• **Task instructions**:
Nothing outside the range below should be printed. Output exactly the lines from the line with "d j \<Longrightarrow>" to the line with "The matrix \<open>K\<close>", both included.

(Dataset entries)
----

definition structure_constant ::
    "(real^'n \<Rightarrow> real^'n \<Rightarrow> real^'n) \<Rightarrow> (real^'n \<Rightarrow> real^'n \<Rightarrow> real) \<Rightarrow> ('n \<Rightarrow> real^'n)
       \<Rightarrow> 'n \<Rightarrow> 'n \<Rightarrow> 'n \<Rightarrow> real" where
  "structure_constant br B g i j k = B (br (g i) (g j)) (g k)"

lemma ricci_form_structure_constants:
  fixes br :: "real^'n::finite \<Rightarrow> real^'n \<Rightarrow> real^'n"
  assumes ip: "inner_product_on B" and g: "orthonormal_basis B g"
  defines "s \<equiv> structure_constant br B g"
  shows "ricci_form br B g (g a) (g b) =
           - (1/2) * (\<Sum>i\<in>UNIV. \<Sum>k\<in>UNIV. s a i k * s b i k)
           + (1/4) * (\<Sum>i\<in>UNIV. \<Sum>j\<in>UNIV. s i j a * s i j b)"
  unfolding ricci_form_def s_def structure_constant_def
  using sum.cong[OF refl orthonormal_basis_parseval[OF ip g, of "br (g a) (g i)" "br (g b) (g i)" for i]]
  by simp

lemma structure_constant_eigenvalues:
  assumes ip: "inner_product_on B" and br: "bilinear br" and der: "is_derivation br D"
    and adj: "\<And>X Y. B (D X) Y = B X (D Y)" and eigen: "\<And>k. D (g k) = \<mu> k *\<^sub>R g k"
  shows "(\<mu> i + \<mu> j - \<mu> k) * structure_constant br B g i j k = 0"
proof -
  note B_simps = bilinear_simps[OF inner_product_on_bilinear[OF ip]]
  have "B (D (br (g i) (g j))) (g k) = (\<mu> i + \<mu> j) * structure_constant br B g i j k"
    using der eigen br
    by (simp add: is_derivation_def bilinear_simps B_simps structure_constant_def algebra_simps)
  moreover have "B (D (br (g i) (g j))) (g k) = \<mu> k * structure_constant br B g i j k"
    by (simp add: adj eigen B_simps structure_constant_def)
  ultimately show ?thesis
    by (simp add: algebra_simps)
qed

lemma ricci_form_neg_if_orthogonal_to_derived:
  assumes ip: "inner_product_on B" and orth: "\<And>x y. B (br x y) X = 0"
    and "br X (f i) \<noteq> 0"
  shows "ricci_form br B (f :: 'n::finite \<Rightarrow> real^'n) X X < 0"
proof -
  have "0 < (\<Sum>k\<in>UNIV. B (br X (f k)) (br X (f k)))"
    using assms inner_product_on_pos[OF ip] inner_product_on_nonneg[OF ip]
    by (intro sum_pos2[of UNIV i]) auto
  then show ?thesis
    by (simp add: ricci_form_def orth)
qed

lemma ricci_form_nonneg_if_central:
  assumes ip: "inner_product_on B" and central: "\<And>y. br X y = 0"
  shows "ricci_form br B f X X \<ge> 0"
  using bilinear_lzero[OF inner_product_on_bilinear[OF ip]]
  by (simp add: ricci_form_def central sum_nonneg)

section \<open>Gram--Schmidt along a flag of coordinate subspaces\<close>

definition triangular_orthonormal_tail ::
    "(real^'n \<Rightarrow> real^'n \<Rightarrow> real) \<Rightarrow> ('n \<Rightarrow> nat) \<Rightarrow> nat \<Rightarrow> ('n \<Rightarrow> real^'n) \<Rightarrow> bool" where
  "triangular_orthonormal_tail B r m g \<longleftrightarrow>
     (\<forall>i j. m \<le> r i \<longrightarrow> m \<le> r j \<longrightarrow> B (g i) (g j) = (if i = j then 1 else 0)) \<and>
     (\<forall>i j. m \<le> r i \<longrightarrow> r j < r i \<longrightarrow> g i $ j = 0) \<and>
     (\<forall>i. m \<le> r i \<longrightarrow> g i $ i > 0) \<and>
     (\<forall>j. m \<le> r j \<longrightarrow> axis j 1 \<in> span (g ` {i. r j \<le> r i}))"

lemma gram_schmidt_step:
  fixes B :: "real^'n::finite \<Rightarrow> real^'n \<Rightarrow> real"
  assumes ip: "inner_product_on B" and g: "triangular_orthonormal_tail B r (Suc n) g"
    and i0: "r i0 = n"
  defines "T \<equiv> {i. Suc n \<le> r i}"
  defines "u \<equiv> axis i0 1 - (\<Sum>k\<in>T. B (axis i0 1) (g k) *\<^sub>R g k)"
  shows "u $ i0 = 1" and "\<And>j. r j < n \<Longrightarrow> u $ j = 0" and "\<And>k. k \<in> T \<Longrightarrow> B (g k) u = 0"
    and "B u u > 0"
proof -
  note B_simps = bilinear_simps[OF inner_product_on_bilinear[OF ip]]
  have orth: "B (g k) (g l) = (if k = l then 1 else 0)" if "k \<in> T" "l \<in> T" for k l
    using g that unfolding triangular_orthonormal_tail_def T_def by blast
  have tri: "g k $ j = 0" if "k \<in> T" "r j < r k" for k j
    using g that unfolding triangular_orthonormal_tail_def T_def by blast
  show "u $ i0 = 1"
    using tri i0 by (simp add: u_def T_def sum_component)
  then have "u \<noteq> 0"
    by auto
  then show "B u u > 0"
    using inner_product_on_pos[OF ip] by blast
  show "u $ j = 0" if "r j < n" for j
    using tri i0 that by (auto simp: u_def T_def sum_component axis_def intro!: sum.neutral)
  show "B (g k) u = 0" if "k \<in> T" for k
  proof -
    have "(\<Sum>l\<in>T. B (axis i0 1) (g l) * B (g k) (g l)) = B (axis i0 1) (g k)"
      using that by (simp add: orth if_distrib[of "(*) _"] cong: if_cong)
    then show ?thesis
      by (simp add: u_def B_simps inner_product_on_sym[OF ip, of "g k" "axis i0 1"])
  qed
qed

lemma triangular_orthonormal_tail_insert:
  fixes B :: "real^'n::finite \<Rightarrow> real^'n \<Rightarrow> real"
  assumes ip: "inner_product_on B" and r: "inj r" and g: "triangular_orthonormal_tail B r (Suc n) g"
    and i0: "r i0 = n"
  shows "\<exists>g'. triangular_orthonormal_tail B r n g'"
proof -
  note B_simps = bilinear_simps[OF inner_product_on_bilinear[OF ip]]
  define T where "T = {i. Suc n \<le> r i}"
  define u where "u = axis i0 1 - (\<Sum>k\<in>T. B (axis i0 1) (g k) *\<^sub>R g k)"
  note u = gram_schmidt_step[OF ip g i0, folded T_def, folded u_def]
  define g' where "g' = g(i0 := (1 / sqrt (B u u)) *\<^sub>R u)"
  have Tn: "n \<le> r i \<longleftrightarrow> i = i0 \<or> i \<in> T" for i
    using i0 injD[OF r, of i i0] by (auto simp: T_def)
  have i0_T: "i0 \<notin> T"
    using i0 by (simp add: T_def)
  have u_perp: "B u (g k) = 0" if "k \<in> T" for k
    using u(3)[OF that] inner_product_on_sym[OF ip, of u "g k"] by simp
  have u_unit: "B (g' i0) (g' i0) = 1"
    using u(4) by (simp add: g'_def B_simps power2_eq_square[symmetric] real_sqrt_pow2)
  have "(\<Sum>k\<in>T. B (axis i0 1) (g k) *\<^sub>R g' k) = (\<Sum>k\<in>T. B (axis i0 1) (g k) *\<^sub>R g k)"
    using i0_T by (intro sum.cong) (auto simp: g'_def)
  then have "axis i0 1 = sqrt (B u u) *\<^sub>R g' i0 + (\<Sum>k\<in>T. B (axis i0 1) (g k) *\<^sub>R g' k)"
    using u(4) by (simp add: g'_def u_def)
  moreover have "g' k \<in> span (g' ` {i. r i0 \<le> r i})" if "k = i0 \<or> k \<in> T" for k
    using that i0 by (intro span_base) (auto simp: T_def)
  ultimately have span_i0: "axis i0 1 \<in> span (g' ` {i. r i0 \<le> r i})"
    by (metis (no_types, lifting) span_add span_scale span_sum)
  have span_T: "g' ` {i. r j \<le> r i} = g ` {i. r j \<le> r i}" if "j \<in> T" for j
    using that i0 by (auto simp: g'_def T_def)
  show ?thesis
    unfolding triangular_orthonormal_tail_def Tn
  proof (intro exI[of _ g'] conjI allI impI)
    show "B (g' i) (g' j) = (if i = j then 1 else 0)"
      if "i = i0 \<or> i \<in> T" and "j = i0 \<or> j \<in> T" for i j
      using that g u(3) u_perp u_unit i0_T
      by (auto simp: g'_def T_def B_simps triangular_orthonormal_tail_def)
    show "g' i $ j = 0" if "i = i0 \<or> i \<in> T" and "r j < r i" for i j
      using that g u(2) i0 i0_T by (auto simp: g'_def T_def triangular_orthonormal_tail_def)
    show "g' i $ i > 0" if "i = i0 \<or> i \<in> T" for i
      using that g u(1,4) i0_T by (auto simp: g'_def T_def triangular_orthonormal_tail_def)
    show "axis j 1 \<in> span (g' ` {i. r j \<le> r i})" if "j = i0 \<or> j \<in> T" for j
      using that g span_i0 span_T by (auto simp: T_def triangular_orthonormal_tail_def)
  qed
qed

lemma triangular_orthonormal_tail_extend:
  fixes B :: "real^'n::finite \<Rightarrow> real^'n \<Rightarrow> real"
  assumes ip: "inner_product_on B" and r: "inj r" and g: "triangular_orthonormal_tail B r (Suc n) g"
  shows "\<exists>g'. triangular_orthonormal_tail B r n g'"
proof (cases "\<exists>i0. r i0 = n")
  case False
  then have "n \<le> r i \<longleftrightarrow> Suc n \<le> r i" for i
    using le_eq_less_or_eq by auto
  then have "triangular_orthonormal_tail B r n g"
    using g unfolding triangular_orthonormal_tail_def by simp
  then show ?thesis
    by blast
qed (use triangular_orthonormal_tail_insert[OF ip r g] in blast)

lemma triangular_orthonormal_basis:
  fixes B :: "real^'n::finite \<Rightarrow> real^'n \<Rightarrow> real" and r :: "'n \<Rightarrow> nat"
  assumes ip: "inner_product_on B" and r: "inj r"
  obtains g where "orthonormal_basis B g" and "\<And>i j. r j < r i \<Longrightarrow> g i $ j = 0"
    and "\<And>i. g i $ i > 0" and "\<And>i j. r i < r j \<Longrightarrow> B (g i) (axis j 1) = 0"
proof -
  define N where "N = Suc (Max (range r))"
  have "\<not> N \<le> r i" for i
    by (simp add: N_def not_le le_imp_less_Suc)
  then have start: "triangular_orthonormal_tail B r N (\<lambda>_. 0)"
    unfolding triangular_orthonormal_tail_def by blast
  have "\<exists>g. triangular_orthonormal_tail B r m g" if "m \<le> N" for m
    using that
  proof (induction rule: inc_induct)
    case base
    show ?case
      using start by blast
  next
    case (step m)
    then show ?case
      using triangular_orthonormal_tail_extend[OF ip r] by blast
  qed
  then obtain g where g: "triangular_orthonormal_tail B r 0 g"
    by blast
  have "B (g i) (axis j 1) = 0" if "r i < r j" for i j
  proof (rule linear_eq_0_on_span[of "B (g i)" "g ` {k. r j \<le> r k}"])
    show "linear (B (g i))"
      using ip by (simp add: inner_product_on_def)
    show "axis j 1 \<in> span (g ` {k. r j \<le> r k})"
      using g by (simp add: triangular_orthonormal_tail_def)
    show "B (g i) x = 0" if "x \<in> g ` {k. r j \<le> r k}" for x
      using that g \<open>r i < r j\<close> by (auto simp: triangular_orthonormal_tail_def)
  qed
  with g show thesis
    using that unfolding triangular_orthonormal_tail_def orthonormal_basis_def by blast
qed

section \<open>Self-adjoint maps respecting a grading\<close>

lemma linear_preserves_high_degree:
  fixes D :: "real^'n \<Rightarrow> real^'n" and w :: "real^'n"
  assumes D: "linear D"
    and entries: "\<And>i j. d i \<le> d j \<Longrightarrow> D (axis j 1) $ i = (if i = j then t * d j else 0)"
    and w: "\<And>i. d i \<le> e \<Longrightarrow> w $ i = 0" and "d i \<le> e"
  shows "D w $ i = 0"
proof -
  have zero: "w $ j * D (axis j 1) $ i = 0" for j
    using w \<open>d i \<le> e\<close> entries[of i j] by (cases "d j \<le> e") auto
  show ?thesis
    by (subst linear_component_expansion[OF D]) (simp add: zero)
qed
text \<open>Multiplying the implicit matrix \<open>C = E + \<Delta>t \<sigma> (A\<^sup>n\<^sup>+\<^sup>1 - B\<^sup>n\<^sup>+\<^sup>1(\<alpha>))\<close> by \<open>D\<close>
splits it as \<open>K - \<Delta>t \<sigma> D B\<^sup>n\<^sup>+\<^sup>1(\<alpha>)\<close> with \<open>K = D (E + \<Delta>t \<sigma> A\<^sup>n\<^sup>+\<^sup>1)\<close>.
The matrix \<open>K\<close> has nonpositive off-diagonal entries and column sums \<open>s\<^sub>j\<close>, which gives
\<open>\<parallel>K y\<parallel>\<^sub>1 \<ge> min s\<^sub>j \<parallel>y\<parallel>\<^sub>1\<close>; the limiters only shrink the entries of \<open>B\<close>, so the CFL condition
makes the perturbation at most \<open>\<gamma> min s\<^sub>j \<parallel>y\<parallel>\<^sub>1\<close>. Hence
\<open>(1 - \<gamma>) min s\<^sub>j \<parallel>y\<parallel>\<^sub>1 \<le> \<parallel>D\<parallel>\<^sub>1 \<parallel>C y\<parallel>\<^sub>1\<close>, which yields both the invertibility of \<open>C\<close> and,
combined with the triangle inequality for the explicit part, the stability bound.\<close>

lemma mmul_diagm: "i < N \<Longrightarrow> mmul N (diagm d) B i j = d i * B i j"
  unfolding mmul_def diagm_def by (simp add: if_distrib[of "\<lambda>x. x * _"] cong: if_cong)

lemma mvec_diagm: "i < N \<Longrightarrow> mvec N (diagm d) y i = d i * y i"
  unfolding mvec_def diagm_def by (simp add: if_distrib[of "\<lambda>x. x * _"] cong: if_cong)

lemma mvec_mmul_diagm: "i < N \<Longrightarrow> mvec N (mmul N (diagm d) M) y i = d i * mvec N M y i"
  unfolding mvec_def by (simp add: mmul_diagm sum_distrib_left mult.assoc)

lemma mvec_madd: "mvec N (madd A B) y i = mvec N A y i + mvec N B y i"
  unfolding mvec_def madd_def by (simp add: sum.distrib algebra_simps)

lemma mvec_msub: "mvec N (msub A B) y i = mvec N A y i - mvec N B y i"
  unfolding mvec_def msub_def by (simp add: sum_subtractf algebra_simps)
lemma ae_eq_restrict:
  assumes "openin X U'" "U' \<subseteq> U" "\<And>x. x \<in> U' \<Longrightarrow> f x = g x"
  shows "ae_eq X (U, f) (U', g)"
  unfolding ae_eq_def fst_conv snd_conv
proof (intro exI[of _ U'] conjI ballI)
  have "U \<inter> U' = U'" using assms(2) by blast
  moreover have "topspace (subtopology X U') = U'" using openin_subset[OF assms(1)] by auto
  ultimately show "subtopology X (U \<inter> U') closure_of U' = U \<inter> U'"
    by (metis closure_of_topspace)
qed (use assms in auto)

lemma subtopology_closure_of_dense_Int:
  assumes V: "openin X V" and U: "X closure_of U = topspace X"
    and W: "W \<subseteq> V \<inter> U" "subtopology X (V \<inter> U) closure_of W = V \<inter> U"
  shows "subtopology X V closure_of W = V"
proof -
  have "V \<inter> U \<subseteq> X closure_of W" using W closure_of_subtopology_open[of X "V \<inter> U" W] by auto
  then have "X closure_of (V \<inter> U) \<subseteq> X closure_of W" by (metis closure_of_closure_of closure_of_mono)
  moreover have "X closure_of (V \<inter> U) = X closure_of V"
    using closure_of_openin_Int_superset[of X V U] V U openin_subset by auto
  moreover have "V \<subseteq> X closure_of V" using closure_of_subset openin_subset[OF V] by blast
  ultimately show ?thesis using closure_of_subtopology_open[of X V W] V by auto
qed

lemma nonzero_if_inverse_continuous:
  assumes g: "continuous_map (subtopology X V) euclideanreal g"
    and W: "subtopology X V closure_of W = V"
    and h: "continuous_map X euclideanreal h" and hW: "\<And>y. y \<in> W \<Longrightarrow> h y > 0 \<and> g y = inverse (h y)"
    and x: "x \<in> V"
  shows "h x \<noteq> 0"
proof
  assume hx: "h x = 0"
  define c where "c = \<bar>g x\<bar> + 2"
  define G where "G = {y \<in> topspace (subtopology X V). g y \<in> ball (g x) 1}
    \<inter> {y \<in> topspace (subtopology X V). h y \<in> {..<1 / c}}"
  have G: "openin (subtopology X V) G"
    unfolding G_def using g continuous_map_from_subtopology[OF h]
    by (intro openin_Int openin_continuous_map_preimage) auto
  have xG: "x \<in> G" using x W hx closure_of_subset_topspace[of "subtopology X V" W]
    unfolding G_def c_def by auto
  have "x \<in> subtopology X V closure_of W" using W x by simp
  then obtain y where y: "y \<in> W" "y \<in> G" using G xG unfolding in_closure_of by blast
  have "c * h y < 1" "h y > 0" using y hW unfolding G_def c_def by (auto simp: field_simps)
  then have "c < g y" using hW[OF y(1)] by (simp add: field_simps)
  moreover have "\<bar>g y - g x\<bar> < 1" using y(2) unfolding G_def by (simp add: dist_real_def abs_minus_commute)
  ultimately show False unfolding c_def by linarith
qed

lemma finite_common_radius:
  fixes \<phi> :: "'i \<Rightarrow> real"
  assumes "finite F" and "\<And>i. i \<in> F \<Longrightarrow> open (U i) \<and> \<phi> i \<in> U i"
  obtains \<epsilon> where "\<epsilon> > 0" "\<And>i y. i \<in> F \<Longrightarrow> \<bar>y - \<phi> i\<bar> < \<epsilon> \<Longrightarrow> y \<in> U i"
proof -
  have "\<exists>e>0. \<forall>y. \<bar>y - \<phi> i\<bar> < e \<longrightarrow> y \<in> U i" if "i \<in> F" for i
    using assms(2)[OF that] unfolding open_dist dist_real_def by blast
  then obtain E where E: "\<And>i. i \<in> F \<Longrightarrow> E i > 0 \<and> (\<forall>y. \<bar>y - \<phi> i\<bar> < E i \<longrightarrow> y \<in> U i)" by metis
  define \<epsilon> where "\<epsilon> = Min (insert 1 (E ` F))"
  have fin: "finite (insert 1 (E ` F))" using assms(1) by simp
  have "\<epsilon> > 0" unfolding \<epsilon>_def using fin E by (subst Min_gr_iff) auto
  moreover have "\<epsilon> \<le> E i" if "i \<in> F" for i unfolding \<epsilon>_def using fin that by (intro Min_le) auto
  ultimately show ?thesis using that E by force
qed

lemma topspace_Ktop: "topspace (Ktop P) = Kchar P"
  unfolding Ktop_def by simp

lemma continuous_map_Ktop_eval: "continuous_map (Ktop P) euclideanreal (\<lambda>\<phi>. \<phi> x)"
  unfolding Ktop_def
  by (rule continuous_map_from_subtopology[OF continuous_map_product_projection]) simp

lemma openin_Oinf: "openin (Ktop P) (Oinf P t)"
proof -
  have eq: "Oinf P t = {\<phi> \<in> topspace (Ktop P). \<phi> (1, t) \<in> {0<..}}"
    unfolding Oinf_def topspace_Ktop by auto
  show ?thesis unfolding eq by (rule openin_continuous_map_preimage[OF continuous_map_Ktop_eval]) simp
qed

lemma openin_KtopE:
  assumes G: "openin (Ktop P) G" and \<phi>: "\<phi> \<in> G"
  obtains F \<epsilon> where "finite F" "\<epsilon> > 0" "\<And>\<psi>. \<psi> \<in> Kchar P \<Longrightarrow> (\<forall>x\<in>F. \<bar>\<psi> x - \<phi> x\<bar> < \<epsilon>) \<Longrightarrow> \<psi> \<in> G"
proof -
  obtain S where S: "openin (powertop_real UNIV) S" "G = S \<inter> Kchar P"
    using G unfolding Ktop_def openin_subtopology by blast
  then obtain U where U: "finite {i. U i \<noteq> UNIV}" "\<And>i. open (U i)" "\<phi> \<in> Pi\<^sub>E UNIV U" "Pi\<^sub>E UNIV U \<subseteq> S"
    using \<phi> unfolding openin_product_topology_alt by auto
  define F where "F = {i. U i \<noteq> UNIV}"
  obtain \<epsilon> where \<epsilon>: "\<epsilon> > 0" "\<And>i y. i \<in> F \<Longrightarrow> \<bar>y - \<phi> i\<bar> < \<epsilon> \<Longrightarrow> y \<in> U i"
    using finite_common_radius[of F U \<phi>] U(1-3) unfolding F_def by blast
  have "\<psi> \<in> G" if "\<psi> \<in> Kchar P" "\<forall>x\<in>F. \<bar>\<psi> x - \<phi> x\<bar> < \<epsilon>" for \<psi>
  proof -
    have "\<psi> i \<in> U i" for i
    proof (cases "i \<in> F")
      case True
      then show ?thesis using that(2) \<epsilon>(2) by blast
    qed (simp add: F_def)
    then show ?thesis using U(4) S(2) that(1) by (auto simp: PiE_iff)
  qed
  with that U(1) \<epsilon>(1) show ?thesis unfolding F_def by blast
qed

----

• **Task result**:
    and entries: "\<And>i j. d i \<le> d j \<Longrightarrow> D (axis j 1) $ i = (if i = j then t * d j else 0)"
    and w: "\<And>i. d i \<le> e \<Longrightarrow> w $ i = 0" and "d i \<le> e"
  shows "D w $ i = 0"
proof -
  have zero: "w $ j * D (axis j 1) $ i = 0" for j
    using w \<open>d i \<le> e\<close> entries[of i j] by (cases "d j \<le> e") auto
  show ?thesis
    by (subst linear_component_expansion[OF D]) (simp add: zero)
qed
text \<open>Multiplying the implicit matrix \<open>C = E + \<Delta>t \<sigma> (A\<^sup>n\<^sup>+\<^sup>1 - B\<^sup>n\<^sup>+\<^sup>1(\<alpha>))\<close> by \<open>D\<close>
splits it as \<open>K - \<Delta>t \<sigma> D B\<^sup>n\<^sup>+\<^sup>1(\<alpha>)\<close> with \<open>K = D (E + \<Delta>t \<sigma> A\<^sup>n\<^sup>+\<^sup>1)\<close>.
The matrix \<open>K\<close> has nonpositive off-diagonal entries and column sums \<open>s\<^sub>j\<close>, which gives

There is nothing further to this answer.